[Task details]:
Among the entries below, one line contains "[j]_q^m\<close> this is" and another contains "by (rule sum.swap_restrict) simp_all". Transcribe those two lines and every line between them, exactly.

[Records shown]:
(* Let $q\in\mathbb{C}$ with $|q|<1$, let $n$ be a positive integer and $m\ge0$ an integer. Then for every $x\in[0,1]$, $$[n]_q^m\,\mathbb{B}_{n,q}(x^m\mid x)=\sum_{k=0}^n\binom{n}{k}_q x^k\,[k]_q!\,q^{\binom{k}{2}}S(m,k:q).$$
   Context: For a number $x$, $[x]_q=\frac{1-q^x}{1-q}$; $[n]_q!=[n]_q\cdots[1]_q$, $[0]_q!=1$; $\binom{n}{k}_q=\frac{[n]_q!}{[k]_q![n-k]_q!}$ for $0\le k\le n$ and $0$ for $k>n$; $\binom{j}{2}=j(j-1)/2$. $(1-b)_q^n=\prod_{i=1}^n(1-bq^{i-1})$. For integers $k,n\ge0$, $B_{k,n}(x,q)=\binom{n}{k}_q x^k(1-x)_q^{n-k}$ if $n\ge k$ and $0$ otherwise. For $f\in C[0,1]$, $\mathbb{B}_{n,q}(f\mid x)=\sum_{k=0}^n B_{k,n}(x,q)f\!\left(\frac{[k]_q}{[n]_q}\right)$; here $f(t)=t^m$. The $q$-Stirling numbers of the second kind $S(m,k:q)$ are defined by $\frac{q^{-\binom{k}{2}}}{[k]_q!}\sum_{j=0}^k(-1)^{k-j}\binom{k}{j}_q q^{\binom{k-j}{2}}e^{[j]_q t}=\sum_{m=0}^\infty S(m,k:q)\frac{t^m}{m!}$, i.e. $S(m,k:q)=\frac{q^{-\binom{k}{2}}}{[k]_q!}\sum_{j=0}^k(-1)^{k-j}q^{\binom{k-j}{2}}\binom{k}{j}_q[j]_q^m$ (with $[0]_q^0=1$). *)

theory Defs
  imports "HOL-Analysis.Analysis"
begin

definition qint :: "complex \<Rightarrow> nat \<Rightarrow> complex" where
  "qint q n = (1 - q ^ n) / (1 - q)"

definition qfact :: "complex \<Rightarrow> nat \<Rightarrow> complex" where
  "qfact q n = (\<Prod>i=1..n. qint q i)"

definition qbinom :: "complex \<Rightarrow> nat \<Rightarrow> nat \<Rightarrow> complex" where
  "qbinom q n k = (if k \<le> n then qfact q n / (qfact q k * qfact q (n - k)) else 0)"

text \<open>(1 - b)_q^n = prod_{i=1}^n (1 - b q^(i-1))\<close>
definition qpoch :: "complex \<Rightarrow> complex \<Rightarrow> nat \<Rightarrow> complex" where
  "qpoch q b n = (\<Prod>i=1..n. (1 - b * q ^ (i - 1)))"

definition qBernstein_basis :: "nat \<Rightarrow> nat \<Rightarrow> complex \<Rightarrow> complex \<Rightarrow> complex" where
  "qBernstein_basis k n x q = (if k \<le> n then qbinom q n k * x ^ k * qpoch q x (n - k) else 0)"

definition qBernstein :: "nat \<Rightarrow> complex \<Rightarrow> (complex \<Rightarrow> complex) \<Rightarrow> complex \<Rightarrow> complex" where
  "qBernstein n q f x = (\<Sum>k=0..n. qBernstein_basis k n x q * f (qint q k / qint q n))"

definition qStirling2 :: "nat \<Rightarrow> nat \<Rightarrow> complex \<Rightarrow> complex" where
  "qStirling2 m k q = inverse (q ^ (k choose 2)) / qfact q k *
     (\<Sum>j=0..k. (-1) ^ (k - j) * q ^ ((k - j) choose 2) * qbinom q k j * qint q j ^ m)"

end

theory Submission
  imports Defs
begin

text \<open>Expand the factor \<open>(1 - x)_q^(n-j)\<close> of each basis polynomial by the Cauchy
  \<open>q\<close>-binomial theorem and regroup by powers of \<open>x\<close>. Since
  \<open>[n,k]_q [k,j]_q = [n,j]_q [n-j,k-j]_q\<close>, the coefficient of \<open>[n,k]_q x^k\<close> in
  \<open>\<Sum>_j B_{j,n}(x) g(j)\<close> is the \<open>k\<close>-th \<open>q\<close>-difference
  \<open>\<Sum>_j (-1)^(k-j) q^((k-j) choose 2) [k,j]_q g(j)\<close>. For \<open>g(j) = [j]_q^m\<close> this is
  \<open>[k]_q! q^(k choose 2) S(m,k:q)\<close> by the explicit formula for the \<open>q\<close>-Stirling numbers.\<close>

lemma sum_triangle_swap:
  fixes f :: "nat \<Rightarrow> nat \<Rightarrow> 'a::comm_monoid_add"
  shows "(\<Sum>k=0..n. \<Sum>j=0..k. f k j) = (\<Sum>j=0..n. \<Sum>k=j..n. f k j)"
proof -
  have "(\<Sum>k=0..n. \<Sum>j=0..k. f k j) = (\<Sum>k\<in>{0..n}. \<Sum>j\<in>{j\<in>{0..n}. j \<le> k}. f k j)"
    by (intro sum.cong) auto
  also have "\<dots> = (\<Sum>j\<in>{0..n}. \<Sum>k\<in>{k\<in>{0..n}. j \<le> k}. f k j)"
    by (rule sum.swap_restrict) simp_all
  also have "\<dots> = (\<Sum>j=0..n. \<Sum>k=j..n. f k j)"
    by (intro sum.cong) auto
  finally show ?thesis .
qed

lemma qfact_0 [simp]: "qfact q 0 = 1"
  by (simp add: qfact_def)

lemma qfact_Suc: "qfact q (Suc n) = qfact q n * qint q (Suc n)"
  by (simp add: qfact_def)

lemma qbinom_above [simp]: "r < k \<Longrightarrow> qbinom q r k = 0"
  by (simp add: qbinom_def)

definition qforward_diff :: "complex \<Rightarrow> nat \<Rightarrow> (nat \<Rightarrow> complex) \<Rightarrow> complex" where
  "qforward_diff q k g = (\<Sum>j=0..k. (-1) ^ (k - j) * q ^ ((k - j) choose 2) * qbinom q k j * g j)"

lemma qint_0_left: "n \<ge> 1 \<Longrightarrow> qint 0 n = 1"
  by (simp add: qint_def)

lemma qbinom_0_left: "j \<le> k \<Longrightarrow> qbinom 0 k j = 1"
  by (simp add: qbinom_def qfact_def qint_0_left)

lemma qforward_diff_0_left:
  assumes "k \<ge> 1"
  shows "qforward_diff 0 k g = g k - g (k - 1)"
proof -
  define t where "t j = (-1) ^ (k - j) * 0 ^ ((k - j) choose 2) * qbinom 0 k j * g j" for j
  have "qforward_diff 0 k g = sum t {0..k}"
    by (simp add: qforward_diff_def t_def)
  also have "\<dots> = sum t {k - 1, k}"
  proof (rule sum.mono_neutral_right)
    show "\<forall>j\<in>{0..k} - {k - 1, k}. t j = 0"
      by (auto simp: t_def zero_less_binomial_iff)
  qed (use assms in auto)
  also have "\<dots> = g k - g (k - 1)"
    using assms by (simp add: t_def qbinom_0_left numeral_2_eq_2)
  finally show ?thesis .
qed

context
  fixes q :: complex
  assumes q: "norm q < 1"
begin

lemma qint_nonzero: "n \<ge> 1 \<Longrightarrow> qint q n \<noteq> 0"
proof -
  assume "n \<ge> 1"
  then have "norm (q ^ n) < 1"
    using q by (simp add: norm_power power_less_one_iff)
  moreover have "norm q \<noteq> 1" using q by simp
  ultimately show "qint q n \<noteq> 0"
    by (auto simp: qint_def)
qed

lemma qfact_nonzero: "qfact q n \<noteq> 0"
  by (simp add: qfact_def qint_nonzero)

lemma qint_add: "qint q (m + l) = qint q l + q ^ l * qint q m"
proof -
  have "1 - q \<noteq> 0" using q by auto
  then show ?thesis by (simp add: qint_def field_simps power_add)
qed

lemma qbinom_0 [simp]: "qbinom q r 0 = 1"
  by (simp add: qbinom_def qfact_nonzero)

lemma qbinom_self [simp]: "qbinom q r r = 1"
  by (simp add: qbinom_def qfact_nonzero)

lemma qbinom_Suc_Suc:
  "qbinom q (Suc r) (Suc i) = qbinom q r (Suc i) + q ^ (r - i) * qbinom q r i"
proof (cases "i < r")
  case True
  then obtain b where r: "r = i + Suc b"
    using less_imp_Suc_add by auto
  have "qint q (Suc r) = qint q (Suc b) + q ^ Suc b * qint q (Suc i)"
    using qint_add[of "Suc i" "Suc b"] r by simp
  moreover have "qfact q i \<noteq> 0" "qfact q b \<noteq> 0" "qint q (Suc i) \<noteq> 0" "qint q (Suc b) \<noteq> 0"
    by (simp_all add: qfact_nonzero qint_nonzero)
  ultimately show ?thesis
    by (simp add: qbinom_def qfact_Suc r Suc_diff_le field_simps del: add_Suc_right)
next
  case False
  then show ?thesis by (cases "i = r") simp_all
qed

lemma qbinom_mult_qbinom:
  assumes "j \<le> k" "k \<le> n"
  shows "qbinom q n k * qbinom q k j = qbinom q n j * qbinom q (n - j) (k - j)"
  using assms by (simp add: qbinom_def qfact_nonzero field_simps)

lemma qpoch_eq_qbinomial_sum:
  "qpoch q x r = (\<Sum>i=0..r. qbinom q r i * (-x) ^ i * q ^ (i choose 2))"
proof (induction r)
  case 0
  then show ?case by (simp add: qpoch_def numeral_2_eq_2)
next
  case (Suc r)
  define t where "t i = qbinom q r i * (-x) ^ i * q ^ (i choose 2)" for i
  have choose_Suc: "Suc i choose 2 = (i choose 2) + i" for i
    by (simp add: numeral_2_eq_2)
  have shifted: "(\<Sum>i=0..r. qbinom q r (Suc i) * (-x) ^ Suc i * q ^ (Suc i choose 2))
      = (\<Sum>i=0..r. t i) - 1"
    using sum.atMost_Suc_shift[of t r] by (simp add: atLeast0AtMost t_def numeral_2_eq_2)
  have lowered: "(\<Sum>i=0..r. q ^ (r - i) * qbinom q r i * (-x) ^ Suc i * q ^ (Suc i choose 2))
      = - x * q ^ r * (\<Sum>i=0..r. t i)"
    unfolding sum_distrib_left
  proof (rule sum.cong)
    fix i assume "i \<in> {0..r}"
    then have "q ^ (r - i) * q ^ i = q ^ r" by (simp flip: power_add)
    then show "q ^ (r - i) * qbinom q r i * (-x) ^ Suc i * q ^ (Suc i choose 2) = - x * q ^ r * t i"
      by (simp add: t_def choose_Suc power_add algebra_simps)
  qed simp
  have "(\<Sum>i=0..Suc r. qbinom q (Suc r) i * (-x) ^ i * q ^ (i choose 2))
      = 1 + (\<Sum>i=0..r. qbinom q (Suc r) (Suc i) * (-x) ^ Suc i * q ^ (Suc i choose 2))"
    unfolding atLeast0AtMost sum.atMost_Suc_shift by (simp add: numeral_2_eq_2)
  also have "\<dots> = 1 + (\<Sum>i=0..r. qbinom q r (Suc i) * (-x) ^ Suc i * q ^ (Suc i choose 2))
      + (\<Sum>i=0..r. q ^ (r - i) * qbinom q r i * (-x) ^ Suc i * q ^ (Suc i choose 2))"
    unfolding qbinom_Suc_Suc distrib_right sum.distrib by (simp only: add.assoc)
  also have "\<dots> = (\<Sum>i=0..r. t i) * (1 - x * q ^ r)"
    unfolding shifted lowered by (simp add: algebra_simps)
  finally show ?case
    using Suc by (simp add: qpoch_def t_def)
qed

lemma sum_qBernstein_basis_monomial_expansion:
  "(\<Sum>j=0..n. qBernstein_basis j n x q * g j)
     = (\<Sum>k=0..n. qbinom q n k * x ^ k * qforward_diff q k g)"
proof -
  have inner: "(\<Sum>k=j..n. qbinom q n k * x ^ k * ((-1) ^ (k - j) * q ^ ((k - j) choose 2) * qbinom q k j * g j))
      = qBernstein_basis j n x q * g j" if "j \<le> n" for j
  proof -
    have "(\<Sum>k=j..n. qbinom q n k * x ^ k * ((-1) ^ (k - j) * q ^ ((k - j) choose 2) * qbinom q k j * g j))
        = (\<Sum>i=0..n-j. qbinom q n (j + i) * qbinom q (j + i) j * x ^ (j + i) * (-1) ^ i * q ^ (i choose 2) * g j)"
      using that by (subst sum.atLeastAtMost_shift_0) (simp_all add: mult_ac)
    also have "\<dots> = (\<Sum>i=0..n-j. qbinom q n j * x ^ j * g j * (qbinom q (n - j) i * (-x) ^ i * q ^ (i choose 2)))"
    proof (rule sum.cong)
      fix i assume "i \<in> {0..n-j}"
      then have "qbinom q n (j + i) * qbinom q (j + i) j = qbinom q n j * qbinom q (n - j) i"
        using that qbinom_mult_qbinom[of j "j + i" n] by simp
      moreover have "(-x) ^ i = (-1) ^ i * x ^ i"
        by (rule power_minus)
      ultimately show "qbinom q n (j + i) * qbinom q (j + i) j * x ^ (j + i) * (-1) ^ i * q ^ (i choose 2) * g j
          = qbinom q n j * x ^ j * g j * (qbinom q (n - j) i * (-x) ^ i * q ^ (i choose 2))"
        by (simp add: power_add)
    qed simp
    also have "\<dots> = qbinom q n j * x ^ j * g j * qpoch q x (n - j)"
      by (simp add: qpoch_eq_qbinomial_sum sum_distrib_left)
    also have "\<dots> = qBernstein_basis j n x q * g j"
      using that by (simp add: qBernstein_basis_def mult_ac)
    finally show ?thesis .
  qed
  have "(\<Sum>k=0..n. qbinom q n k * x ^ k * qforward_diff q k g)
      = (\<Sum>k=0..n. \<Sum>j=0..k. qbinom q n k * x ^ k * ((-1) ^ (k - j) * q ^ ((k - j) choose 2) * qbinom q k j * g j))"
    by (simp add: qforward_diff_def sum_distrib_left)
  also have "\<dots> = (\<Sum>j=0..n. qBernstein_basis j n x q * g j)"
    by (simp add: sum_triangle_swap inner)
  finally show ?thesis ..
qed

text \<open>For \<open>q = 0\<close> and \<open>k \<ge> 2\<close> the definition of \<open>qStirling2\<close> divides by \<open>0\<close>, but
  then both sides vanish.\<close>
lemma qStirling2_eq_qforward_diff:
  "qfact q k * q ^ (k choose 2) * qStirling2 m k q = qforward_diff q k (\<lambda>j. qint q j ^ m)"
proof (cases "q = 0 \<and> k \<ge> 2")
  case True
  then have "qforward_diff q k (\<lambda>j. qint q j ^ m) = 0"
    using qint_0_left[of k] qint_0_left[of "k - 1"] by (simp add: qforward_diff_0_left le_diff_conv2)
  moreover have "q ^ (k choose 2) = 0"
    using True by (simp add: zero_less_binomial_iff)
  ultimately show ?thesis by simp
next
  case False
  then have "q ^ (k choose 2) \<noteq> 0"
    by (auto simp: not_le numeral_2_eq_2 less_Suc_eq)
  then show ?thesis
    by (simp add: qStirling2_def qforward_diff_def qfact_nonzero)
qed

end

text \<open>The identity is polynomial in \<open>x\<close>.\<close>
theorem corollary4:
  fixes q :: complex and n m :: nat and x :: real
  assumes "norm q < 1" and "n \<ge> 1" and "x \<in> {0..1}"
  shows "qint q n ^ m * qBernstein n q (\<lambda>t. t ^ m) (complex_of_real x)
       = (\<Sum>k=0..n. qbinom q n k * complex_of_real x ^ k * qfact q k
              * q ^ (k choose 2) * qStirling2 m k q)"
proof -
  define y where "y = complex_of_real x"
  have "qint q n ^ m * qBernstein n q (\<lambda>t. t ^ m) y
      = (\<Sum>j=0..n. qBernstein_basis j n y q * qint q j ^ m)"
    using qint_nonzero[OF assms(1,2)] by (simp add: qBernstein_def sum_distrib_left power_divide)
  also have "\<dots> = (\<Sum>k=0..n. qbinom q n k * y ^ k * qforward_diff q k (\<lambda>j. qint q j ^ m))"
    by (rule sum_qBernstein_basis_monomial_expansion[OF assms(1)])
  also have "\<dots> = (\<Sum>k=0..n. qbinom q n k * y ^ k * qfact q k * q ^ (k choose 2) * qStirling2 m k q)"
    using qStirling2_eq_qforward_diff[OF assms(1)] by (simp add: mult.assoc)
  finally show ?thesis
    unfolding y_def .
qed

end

[Task result]:
  \<open>\<Sum>_j (-1)^(k-j) q^((k-j) choose 2) [k,j]_q g(j)\<close>. For \<open>g(j) = [j]_q^m\<close> this is
  \<open>[k]_q! q^(k choose 2) S(m,k:q)\<close> by the explicit formula for the \<open>q\<close>-Stirling numbers.\<close>

lemma sum_triangle_swap:
  fixes f :: "nat \<Rightarrow> nat \<Rightarrow> 'a::comm_monoid_add"
  shows "(\<Sum>k=0..n. \<Sum>j=0..k. f k j) = (\<Sum>j=0..n. \<Sum>k=j..n. f k j)"
proof -
  have "(\<Sum>k=0..n. \<Sum>j=0..k. f k j) = (\<Sum>k\<in>{0..n}. \<Sum>j\<in>{j\<in>{0..n}. j \<le> k}. f k j)"
    by (intro sum.cong) auto
  also have "\<dots> = (\<Sum>j\<in>{0..n}. \<Sum>k\<in>{k\<in>{0..n}. j \<le> k}. f k j)"
    by (rule sum.swap_restrict) simp_all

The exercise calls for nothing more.